Exercise objective: Copy exactly the lines of the data below that run from the line holding "then obtain s" through the line holding "the step -(gf x - gf y)/L.\<close>", both ends included.

[Data items]
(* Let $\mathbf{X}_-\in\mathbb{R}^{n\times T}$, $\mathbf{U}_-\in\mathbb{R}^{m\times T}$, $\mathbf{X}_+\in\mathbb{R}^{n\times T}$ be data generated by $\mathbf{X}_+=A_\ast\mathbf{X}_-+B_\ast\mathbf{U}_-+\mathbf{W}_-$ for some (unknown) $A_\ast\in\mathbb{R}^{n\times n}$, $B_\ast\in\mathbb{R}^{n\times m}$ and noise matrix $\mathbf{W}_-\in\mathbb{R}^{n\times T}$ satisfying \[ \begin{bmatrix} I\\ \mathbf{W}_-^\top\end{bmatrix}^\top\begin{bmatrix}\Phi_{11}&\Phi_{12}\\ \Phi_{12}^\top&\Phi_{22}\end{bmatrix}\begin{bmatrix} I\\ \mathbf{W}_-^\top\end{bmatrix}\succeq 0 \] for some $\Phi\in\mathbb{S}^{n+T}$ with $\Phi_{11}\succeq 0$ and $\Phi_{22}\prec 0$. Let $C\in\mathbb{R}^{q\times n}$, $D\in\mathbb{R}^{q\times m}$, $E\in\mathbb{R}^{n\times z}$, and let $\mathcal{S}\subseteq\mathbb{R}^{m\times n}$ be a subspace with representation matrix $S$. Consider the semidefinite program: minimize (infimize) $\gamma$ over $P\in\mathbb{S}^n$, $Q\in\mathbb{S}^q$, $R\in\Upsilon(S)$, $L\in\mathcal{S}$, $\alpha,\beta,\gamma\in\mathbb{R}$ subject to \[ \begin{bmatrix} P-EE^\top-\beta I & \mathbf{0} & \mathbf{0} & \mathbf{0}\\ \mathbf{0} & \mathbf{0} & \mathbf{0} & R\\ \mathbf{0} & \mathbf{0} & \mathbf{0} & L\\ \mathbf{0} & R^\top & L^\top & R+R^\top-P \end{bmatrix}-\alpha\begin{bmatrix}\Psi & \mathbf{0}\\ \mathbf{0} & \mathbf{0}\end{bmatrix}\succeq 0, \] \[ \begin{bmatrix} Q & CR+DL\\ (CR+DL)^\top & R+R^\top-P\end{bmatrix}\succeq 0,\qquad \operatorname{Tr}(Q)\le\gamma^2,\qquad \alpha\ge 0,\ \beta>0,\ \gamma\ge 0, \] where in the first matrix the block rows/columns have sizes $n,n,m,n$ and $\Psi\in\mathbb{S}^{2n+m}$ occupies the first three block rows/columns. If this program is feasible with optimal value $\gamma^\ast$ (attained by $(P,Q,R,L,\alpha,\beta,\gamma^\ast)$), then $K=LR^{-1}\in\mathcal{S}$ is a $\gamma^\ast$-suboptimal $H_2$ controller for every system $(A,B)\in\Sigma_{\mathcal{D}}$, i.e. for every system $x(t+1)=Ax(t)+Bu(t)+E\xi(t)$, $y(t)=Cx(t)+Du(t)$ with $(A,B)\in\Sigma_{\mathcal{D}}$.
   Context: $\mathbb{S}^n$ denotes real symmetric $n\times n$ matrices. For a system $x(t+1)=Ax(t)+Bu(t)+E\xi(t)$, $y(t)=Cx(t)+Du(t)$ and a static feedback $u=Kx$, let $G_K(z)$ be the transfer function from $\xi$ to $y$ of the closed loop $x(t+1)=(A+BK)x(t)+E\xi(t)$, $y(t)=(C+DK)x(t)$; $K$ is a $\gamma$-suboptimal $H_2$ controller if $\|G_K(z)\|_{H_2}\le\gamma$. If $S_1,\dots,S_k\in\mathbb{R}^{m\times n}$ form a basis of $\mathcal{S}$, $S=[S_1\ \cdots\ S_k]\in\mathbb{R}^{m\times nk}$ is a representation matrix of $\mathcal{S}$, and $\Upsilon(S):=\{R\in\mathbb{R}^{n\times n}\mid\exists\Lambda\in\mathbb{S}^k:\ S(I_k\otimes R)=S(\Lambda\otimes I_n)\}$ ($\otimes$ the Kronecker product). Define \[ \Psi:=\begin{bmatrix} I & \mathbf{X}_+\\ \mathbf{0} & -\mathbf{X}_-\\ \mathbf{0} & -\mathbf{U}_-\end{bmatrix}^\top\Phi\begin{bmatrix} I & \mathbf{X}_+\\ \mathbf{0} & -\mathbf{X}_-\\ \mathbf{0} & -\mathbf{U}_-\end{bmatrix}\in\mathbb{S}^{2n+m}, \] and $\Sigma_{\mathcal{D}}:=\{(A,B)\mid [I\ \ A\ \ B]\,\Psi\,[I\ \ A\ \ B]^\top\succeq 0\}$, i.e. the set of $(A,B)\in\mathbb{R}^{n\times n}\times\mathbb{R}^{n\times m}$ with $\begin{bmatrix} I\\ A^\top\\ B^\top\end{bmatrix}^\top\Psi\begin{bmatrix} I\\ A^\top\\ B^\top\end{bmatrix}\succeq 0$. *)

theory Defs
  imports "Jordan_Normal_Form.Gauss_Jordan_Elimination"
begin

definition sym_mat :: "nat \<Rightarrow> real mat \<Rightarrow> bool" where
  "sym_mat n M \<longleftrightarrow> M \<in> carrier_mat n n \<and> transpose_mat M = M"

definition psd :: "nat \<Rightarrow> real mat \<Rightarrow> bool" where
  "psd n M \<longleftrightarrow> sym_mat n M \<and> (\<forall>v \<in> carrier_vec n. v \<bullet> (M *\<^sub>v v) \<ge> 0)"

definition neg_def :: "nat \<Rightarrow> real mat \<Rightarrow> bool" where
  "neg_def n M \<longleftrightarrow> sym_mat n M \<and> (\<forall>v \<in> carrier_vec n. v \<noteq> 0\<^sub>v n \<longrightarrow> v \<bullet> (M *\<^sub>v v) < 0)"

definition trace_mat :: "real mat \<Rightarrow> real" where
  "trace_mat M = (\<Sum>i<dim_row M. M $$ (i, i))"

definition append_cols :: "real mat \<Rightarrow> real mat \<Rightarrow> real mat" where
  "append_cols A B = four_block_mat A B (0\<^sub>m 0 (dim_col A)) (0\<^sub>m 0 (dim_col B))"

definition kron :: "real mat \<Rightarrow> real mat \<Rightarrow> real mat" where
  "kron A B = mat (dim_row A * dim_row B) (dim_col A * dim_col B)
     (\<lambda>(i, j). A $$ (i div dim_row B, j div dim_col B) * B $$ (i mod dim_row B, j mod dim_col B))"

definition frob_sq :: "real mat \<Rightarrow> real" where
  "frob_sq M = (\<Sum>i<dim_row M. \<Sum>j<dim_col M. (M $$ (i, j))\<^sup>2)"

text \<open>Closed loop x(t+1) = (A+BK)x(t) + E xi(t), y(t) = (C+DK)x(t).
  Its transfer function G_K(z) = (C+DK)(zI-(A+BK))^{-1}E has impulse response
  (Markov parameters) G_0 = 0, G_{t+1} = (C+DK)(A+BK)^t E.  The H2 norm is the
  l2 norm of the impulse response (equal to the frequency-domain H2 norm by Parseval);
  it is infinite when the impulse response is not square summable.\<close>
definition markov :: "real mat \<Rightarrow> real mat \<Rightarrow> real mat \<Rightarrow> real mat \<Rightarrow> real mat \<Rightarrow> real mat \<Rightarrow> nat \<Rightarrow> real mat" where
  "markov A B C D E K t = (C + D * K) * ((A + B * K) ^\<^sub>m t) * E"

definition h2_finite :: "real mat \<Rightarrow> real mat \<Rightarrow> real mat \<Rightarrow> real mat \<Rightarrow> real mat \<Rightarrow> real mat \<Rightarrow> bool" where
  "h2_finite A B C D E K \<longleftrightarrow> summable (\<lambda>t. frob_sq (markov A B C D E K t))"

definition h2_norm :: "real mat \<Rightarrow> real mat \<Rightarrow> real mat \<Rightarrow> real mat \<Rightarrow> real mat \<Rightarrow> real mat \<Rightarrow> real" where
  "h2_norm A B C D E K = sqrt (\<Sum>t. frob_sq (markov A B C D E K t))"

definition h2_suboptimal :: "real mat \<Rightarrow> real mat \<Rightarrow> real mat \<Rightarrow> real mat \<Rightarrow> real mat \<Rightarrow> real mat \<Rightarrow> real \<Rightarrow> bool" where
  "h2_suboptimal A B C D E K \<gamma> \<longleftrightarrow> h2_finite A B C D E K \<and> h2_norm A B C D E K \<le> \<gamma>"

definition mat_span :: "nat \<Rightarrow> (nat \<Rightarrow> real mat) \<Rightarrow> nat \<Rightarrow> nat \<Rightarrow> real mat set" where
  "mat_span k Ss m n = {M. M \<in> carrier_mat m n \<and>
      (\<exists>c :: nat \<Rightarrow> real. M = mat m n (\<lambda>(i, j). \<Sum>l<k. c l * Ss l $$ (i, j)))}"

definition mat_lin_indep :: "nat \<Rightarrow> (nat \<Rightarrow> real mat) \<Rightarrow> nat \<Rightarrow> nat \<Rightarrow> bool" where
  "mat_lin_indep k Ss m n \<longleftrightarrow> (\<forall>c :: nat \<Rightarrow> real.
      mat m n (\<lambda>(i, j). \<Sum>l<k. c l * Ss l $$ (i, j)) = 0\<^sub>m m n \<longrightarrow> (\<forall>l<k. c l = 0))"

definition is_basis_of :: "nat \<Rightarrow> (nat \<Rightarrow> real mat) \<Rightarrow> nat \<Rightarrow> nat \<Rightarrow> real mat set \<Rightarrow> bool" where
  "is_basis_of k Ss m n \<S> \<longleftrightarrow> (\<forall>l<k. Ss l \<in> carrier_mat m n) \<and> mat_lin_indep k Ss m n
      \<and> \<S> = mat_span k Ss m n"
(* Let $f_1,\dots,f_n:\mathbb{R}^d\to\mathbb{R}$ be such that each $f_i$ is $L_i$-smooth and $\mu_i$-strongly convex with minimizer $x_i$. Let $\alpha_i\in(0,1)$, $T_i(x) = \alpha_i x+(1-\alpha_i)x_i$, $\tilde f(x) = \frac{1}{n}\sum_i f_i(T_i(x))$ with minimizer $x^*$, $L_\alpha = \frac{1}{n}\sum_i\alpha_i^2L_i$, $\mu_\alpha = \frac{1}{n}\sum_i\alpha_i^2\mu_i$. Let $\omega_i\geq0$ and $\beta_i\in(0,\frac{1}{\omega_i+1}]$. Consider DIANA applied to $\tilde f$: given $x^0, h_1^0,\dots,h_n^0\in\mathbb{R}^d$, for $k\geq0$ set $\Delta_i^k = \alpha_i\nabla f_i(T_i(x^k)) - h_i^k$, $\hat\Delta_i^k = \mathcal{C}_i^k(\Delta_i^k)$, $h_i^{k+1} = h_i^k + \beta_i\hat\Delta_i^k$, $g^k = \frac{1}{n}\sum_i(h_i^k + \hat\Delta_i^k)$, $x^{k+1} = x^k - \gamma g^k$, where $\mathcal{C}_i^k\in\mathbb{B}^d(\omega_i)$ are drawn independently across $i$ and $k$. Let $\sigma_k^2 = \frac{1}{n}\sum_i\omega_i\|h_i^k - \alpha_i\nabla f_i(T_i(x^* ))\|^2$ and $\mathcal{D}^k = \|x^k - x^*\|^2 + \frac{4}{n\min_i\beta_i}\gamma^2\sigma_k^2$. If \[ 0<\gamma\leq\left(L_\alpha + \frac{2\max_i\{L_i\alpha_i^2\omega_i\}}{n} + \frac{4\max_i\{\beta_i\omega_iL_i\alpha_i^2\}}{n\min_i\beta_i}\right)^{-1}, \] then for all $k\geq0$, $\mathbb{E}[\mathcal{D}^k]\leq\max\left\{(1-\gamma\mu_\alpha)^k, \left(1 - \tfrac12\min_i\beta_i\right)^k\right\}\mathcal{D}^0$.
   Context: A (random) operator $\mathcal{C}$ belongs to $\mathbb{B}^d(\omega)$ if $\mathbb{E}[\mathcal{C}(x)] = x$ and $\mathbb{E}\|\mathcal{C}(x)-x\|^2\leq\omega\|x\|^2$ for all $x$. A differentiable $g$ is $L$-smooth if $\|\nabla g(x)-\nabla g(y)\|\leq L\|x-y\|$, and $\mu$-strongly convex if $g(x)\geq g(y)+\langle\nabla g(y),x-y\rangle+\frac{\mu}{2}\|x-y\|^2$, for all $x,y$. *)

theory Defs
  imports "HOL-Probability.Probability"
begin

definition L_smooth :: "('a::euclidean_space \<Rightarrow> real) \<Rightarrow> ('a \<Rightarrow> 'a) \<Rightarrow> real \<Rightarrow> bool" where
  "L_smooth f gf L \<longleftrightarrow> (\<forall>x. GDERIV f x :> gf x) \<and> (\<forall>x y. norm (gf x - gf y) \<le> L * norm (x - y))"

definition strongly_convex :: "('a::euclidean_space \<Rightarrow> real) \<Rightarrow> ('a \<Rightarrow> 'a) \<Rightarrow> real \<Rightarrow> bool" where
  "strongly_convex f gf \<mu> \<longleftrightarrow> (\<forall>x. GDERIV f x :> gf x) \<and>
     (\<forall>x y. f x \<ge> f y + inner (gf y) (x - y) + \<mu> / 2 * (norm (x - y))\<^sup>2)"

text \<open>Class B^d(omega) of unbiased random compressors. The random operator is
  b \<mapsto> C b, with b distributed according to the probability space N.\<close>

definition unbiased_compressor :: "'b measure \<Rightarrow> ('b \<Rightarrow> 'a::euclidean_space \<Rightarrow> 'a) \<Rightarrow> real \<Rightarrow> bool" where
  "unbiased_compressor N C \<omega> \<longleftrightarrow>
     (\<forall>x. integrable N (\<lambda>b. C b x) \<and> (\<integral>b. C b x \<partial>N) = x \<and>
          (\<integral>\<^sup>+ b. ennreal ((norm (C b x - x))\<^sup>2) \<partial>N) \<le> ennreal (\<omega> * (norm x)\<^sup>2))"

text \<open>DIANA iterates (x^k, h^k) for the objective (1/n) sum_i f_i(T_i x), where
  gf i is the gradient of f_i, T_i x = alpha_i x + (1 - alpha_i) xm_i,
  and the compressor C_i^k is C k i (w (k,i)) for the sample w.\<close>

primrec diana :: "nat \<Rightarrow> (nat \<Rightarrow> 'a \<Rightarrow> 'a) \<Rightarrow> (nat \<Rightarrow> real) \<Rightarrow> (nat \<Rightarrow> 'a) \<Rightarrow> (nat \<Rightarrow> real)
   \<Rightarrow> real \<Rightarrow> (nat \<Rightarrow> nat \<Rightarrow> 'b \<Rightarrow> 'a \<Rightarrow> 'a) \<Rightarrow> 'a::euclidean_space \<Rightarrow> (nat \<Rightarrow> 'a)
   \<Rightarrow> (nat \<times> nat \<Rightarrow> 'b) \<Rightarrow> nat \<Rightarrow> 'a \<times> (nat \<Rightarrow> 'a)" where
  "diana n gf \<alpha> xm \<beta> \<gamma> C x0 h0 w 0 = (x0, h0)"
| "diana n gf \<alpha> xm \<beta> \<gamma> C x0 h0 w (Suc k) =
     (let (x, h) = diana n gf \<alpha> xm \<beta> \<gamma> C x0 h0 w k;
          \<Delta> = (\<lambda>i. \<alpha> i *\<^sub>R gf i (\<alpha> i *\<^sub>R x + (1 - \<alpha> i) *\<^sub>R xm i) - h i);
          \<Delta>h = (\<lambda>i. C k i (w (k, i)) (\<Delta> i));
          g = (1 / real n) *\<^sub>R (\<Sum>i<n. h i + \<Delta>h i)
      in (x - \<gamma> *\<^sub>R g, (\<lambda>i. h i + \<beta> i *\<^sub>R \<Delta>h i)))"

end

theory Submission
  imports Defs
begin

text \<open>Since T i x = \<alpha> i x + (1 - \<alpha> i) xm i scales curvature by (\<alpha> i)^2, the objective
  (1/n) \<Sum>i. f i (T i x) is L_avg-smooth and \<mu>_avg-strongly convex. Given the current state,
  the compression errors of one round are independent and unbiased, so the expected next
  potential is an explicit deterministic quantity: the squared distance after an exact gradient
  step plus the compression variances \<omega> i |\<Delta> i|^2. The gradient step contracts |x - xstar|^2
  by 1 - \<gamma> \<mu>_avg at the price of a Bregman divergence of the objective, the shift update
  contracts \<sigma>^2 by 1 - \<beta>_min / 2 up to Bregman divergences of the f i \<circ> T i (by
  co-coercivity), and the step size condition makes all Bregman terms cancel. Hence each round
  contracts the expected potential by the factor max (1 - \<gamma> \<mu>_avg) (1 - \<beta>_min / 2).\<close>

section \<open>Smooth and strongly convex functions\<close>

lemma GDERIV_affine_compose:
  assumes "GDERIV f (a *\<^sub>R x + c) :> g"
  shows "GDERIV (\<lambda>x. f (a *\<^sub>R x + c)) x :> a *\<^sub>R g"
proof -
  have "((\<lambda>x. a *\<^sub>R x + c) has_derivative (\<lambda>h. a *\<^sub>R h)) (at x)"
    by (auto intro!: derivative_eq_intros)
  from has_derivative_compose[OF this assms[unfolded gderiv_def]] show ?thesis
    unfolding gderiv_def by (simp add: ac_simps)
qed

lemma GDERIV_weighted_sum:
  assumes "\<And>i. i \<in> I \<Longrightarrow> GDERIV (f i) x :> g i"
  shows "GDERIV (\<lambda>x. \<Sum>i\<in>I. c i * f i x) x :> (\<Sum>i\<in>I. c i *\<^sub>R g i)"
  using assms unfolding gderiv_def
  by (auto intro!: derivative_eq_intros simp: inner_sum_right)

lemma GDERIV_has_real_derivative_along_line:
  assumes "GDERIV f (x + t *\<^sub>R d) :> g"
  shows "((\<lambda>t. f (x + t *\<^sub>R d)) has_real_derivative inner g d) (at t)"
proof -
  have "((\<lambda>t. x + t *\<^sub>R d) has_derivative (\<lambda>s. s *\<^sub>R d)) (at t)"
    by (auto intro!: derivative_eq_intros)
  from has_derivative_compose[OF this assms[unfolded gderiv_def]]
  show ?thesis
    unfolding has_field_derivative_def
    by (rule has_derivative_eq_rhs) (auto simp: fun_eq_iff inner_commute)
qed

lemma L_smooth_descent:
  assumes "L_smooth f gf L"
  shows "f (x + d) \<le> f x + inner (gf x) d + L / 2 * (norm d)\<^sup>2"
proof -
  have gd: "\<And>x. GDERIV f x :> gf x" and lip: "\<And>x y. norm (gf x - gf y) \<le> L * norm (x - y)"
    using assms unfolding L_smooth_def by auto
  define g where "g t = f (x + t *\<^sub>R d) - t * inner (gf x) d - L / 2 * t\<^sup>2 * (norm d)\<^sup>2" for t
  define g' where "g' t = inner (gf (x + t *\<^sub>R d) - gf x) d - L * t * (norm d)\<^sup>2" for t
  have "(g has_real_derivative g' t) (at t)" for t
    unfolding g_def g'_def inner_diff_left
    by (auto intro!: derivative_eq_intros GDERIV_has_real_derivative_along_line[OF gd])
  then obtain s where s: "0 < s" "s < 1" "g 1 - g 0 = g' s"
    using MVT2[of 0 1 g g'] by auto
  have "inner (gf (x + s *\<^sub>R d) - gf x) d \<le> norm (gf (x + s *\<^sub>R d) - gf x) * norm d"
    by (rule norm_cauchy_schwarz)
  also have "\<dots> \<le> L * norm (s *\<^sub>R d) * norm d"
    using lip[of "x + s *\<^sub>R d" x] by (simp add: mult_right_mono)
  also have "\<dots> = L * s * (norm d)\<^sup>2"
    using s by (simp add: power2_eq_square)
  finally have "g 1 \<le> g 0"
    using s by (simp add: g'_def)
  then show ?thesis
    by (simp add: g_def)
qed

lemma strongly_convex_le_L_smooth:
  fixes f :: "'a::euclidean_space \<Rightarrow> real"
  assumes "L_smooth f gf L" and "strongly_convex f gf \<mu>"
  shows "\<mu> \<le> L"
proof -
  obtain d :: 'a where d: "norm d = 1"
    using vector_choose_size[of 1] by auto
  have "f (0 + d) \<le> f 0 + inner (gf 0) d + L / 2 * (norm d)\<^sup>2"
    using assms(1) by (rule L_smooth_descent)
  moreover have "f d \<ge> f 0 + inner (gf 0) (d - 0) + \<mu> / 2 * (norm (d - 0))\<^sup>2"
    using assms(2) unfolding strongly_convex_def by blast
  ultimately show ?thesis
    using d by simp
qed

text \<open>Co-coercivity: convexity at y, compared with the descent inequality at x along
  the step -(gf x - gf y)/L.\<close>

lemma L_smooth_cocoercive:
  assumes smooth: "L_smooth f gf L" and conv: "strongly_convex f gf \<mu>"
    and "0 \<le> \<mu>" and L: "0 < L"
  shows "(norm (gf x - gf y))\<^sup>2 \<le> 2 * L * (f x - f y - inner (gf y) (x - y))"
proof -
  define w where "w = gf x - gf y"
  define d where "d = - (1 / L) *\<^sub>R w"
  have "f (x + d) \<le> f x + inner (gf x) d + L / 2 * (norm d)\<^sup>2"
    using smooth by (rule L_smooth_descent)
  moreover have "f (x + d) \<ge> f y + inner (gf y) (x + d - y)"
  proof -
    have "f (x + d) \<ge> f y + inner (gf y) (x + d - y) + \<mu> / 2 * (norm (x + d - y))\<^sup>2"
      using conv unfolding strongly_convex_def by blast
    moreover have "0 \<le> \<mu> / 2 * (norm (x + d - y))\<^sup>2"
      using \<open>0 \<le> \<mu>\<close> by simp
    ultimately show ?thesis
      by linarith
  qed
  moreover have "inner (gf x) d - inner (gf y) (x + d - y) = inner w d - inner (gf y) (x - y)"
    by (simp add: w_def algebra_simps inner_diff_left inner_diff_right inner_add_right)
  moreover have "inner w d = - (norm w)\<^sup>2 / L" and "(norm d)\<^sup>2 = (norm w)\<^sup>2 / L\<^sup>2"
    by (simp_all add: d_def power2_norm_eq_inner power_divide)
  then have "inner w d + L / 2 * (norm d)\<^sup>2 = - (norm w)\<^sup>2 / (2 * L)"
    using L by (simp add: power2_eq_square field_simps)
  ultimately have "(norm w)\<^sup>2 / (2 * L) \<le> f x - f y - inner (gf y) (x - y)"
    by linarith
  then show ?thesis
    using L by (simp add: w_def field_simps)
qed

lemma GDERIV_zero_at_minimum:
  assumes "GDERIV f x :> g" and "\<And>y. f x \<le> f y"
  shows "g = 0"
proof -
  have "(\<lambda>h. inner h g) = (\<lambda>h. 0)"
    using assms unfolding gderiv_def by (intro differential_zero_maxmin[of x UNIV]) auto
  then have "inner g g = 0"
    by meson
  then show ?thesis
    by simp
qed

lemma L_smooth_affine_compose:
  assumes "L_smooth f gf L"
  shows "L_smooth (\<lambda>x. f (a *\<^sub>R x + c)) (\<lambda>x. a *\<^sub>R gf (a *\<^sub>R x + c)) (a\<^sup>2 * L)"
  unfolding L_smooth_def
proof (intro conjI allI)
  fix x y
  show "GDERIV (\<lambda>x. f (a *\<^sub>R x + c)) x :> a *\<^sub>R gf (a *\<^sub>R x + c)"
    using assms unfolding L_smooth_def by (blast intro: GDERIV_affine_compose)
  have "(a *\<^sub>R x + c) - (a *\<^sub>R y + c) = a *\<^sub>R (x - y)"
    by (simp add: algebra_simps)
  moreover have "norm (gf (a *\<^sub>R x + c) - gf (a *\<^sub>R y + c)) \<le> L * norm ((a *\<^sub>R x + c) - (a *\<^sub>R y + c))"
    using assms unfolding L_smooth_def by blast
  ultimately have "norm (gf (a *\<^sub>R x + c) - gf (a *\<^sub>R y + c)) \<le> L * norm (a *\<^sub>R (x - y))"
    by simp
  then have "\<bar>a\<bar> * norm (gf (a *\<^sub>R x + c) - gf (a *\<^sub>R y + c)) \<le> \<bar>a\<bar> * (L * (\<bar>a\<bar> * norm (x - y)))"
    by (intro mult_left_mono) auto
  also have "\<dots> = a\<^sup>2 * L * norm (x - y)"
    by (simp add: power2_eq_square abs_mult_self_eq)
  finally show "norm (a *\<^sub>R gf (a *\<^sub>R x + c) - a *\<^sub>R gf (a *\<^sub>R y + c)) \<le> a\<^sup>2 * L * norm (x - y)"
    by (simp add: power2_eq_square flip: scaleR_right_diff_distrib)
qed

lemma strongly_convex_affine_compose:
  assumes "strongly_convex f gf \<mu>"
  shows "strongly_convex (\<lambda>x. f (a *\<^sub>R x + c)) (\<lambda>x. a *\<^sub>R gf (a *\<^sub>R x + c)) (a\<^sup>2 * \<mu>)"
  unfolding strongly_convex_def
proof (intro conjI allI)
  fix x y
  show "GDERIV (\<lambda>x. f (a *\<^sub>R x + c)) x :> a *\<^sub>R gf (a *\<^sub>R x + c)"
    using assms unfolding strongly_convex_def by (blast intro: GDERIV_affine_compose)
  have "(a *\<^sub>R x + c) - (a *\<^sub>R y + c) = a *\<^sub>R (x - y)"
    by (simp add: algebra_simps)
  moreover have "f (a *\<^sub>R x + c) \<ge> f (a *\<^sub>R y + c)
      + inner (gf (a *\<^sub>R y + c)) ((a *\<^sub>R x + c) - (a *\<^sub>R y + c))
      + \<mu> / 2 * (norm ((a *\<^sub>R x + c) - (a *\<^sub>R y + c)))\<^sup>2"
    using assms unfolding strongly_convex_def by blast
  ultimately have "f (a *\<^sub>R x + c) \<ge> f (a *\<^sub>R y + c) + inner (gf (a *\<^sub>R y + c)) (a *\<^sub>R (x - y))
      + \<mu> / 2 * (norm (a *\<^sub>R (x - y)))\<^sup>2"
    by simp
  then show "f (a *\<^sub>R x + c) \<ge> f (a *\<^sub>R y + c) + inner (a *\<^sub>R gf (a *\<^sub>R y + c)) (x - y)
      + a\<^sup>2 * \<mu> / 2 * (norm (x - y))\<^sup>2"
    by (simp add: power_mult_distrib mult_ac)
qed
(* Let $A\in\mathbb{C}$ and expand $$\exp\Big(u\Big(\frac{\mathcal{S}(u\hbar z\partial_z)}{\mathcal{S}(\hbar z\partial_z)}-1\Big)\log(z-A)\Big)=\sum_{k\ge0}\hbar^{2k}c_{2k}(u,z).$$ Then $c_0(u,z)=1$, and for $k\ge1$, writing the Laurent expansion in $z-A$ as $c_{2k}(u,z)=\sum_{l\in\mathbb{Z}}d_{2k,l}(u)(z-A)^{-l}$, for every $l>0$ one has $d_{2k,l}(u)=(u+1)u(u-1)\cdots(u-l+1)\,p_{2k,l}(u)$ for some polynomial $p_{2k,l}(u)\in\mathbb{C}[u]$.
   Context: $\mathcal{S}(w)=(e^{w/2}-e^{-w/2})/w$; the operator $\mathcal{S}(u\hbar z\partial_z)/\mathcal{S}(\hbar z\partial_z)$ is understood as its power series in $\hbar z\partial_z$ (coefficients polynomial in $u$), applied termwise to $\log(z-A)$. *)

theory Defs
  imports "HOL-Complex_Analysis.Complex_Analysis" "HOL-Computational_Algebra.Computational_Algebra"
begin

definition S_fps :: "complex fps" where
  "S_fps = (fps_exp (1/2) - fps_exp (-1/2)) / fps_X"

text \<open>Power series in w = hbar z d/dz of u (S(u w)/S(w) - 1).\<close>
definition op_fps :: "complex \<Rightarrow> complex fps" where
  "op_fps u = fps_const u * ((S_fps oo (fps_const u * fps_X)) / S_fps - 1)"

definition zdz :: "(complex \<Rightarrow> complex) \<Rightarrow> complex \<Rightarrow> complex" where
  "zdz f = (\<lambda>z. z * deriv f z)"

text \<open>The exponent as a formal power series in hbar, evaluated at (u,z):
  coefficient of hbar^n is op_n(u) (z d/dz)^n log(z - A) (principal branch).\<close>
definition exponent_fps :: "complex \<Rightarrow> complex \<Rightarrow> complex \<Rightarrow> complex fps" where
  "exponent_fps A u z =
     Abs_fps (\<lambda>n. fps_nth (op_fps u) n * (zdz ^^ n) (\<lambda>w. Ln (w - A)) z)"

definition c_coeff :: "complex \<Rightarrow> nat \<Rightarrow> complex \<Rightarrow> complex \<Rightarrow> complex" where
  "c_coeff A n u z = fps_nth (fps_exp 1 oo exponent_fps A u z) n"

Your response:
  then obtain s where s: "0 < s" "s < 1" "g 1 - g 0 = g' s"
    using MVT2[of 0 1 g g'] by auto
  have "inner (gf (x + s *\<^sub>R d) - gf x) d \<le> norm (gf (x + s *\<^sub>R d) - gf x) * norm d"
    by (rule norm_cauchy_schwarz)
  also have "\<dots> \<le> L * norm (s *\<^sub>R d) * norm d"
    using lip[of "x + s *\<^sub>R d" x] by (simp add: mult_right_mono)
  also have "\<dots> = L * s * (norm d)\<^sup>2"
    using s by (simp add: power2_eq_square)
  finally have "g 1 \<le> g 0"
    using s by (simp add: g'_def)
  then show ?thesis
    by (simp add: g_def)
qed

lemma strongly_convex_le_L_smooth:
  fixes f :: "'a::euclidean_space \<Rightarrow> real"
  assumes "L_smooth f gf L" and "strongly_convex f gf \<mu>"
  shows "\<mu> \<le> L"
proof -
  obtain d :: 'a where d: "norm d = 1"
    using vector_choose_size[of 1] by auto
  have "f (0 + d) \<le> f 0 + inner (gf 0) d + L / 2 * (norm d)\<^sup>2"
    using assms(1) by (rule L_smooth_descent)
  moreover have "f d \<ge> f 0 + inner (gf 0) (d - 0) + \<mu> / 2 * (norm (d - 0))\<^sup>2"
    using assms(2) unfolding strongly_convex_def by blast
  ultimately show ?thesis
    using d by simp
qed

text \<open>Co-coercivity: convexity at y, compared with the descent inequality at x along
  the step -(gf x - gf y)/L.\<close>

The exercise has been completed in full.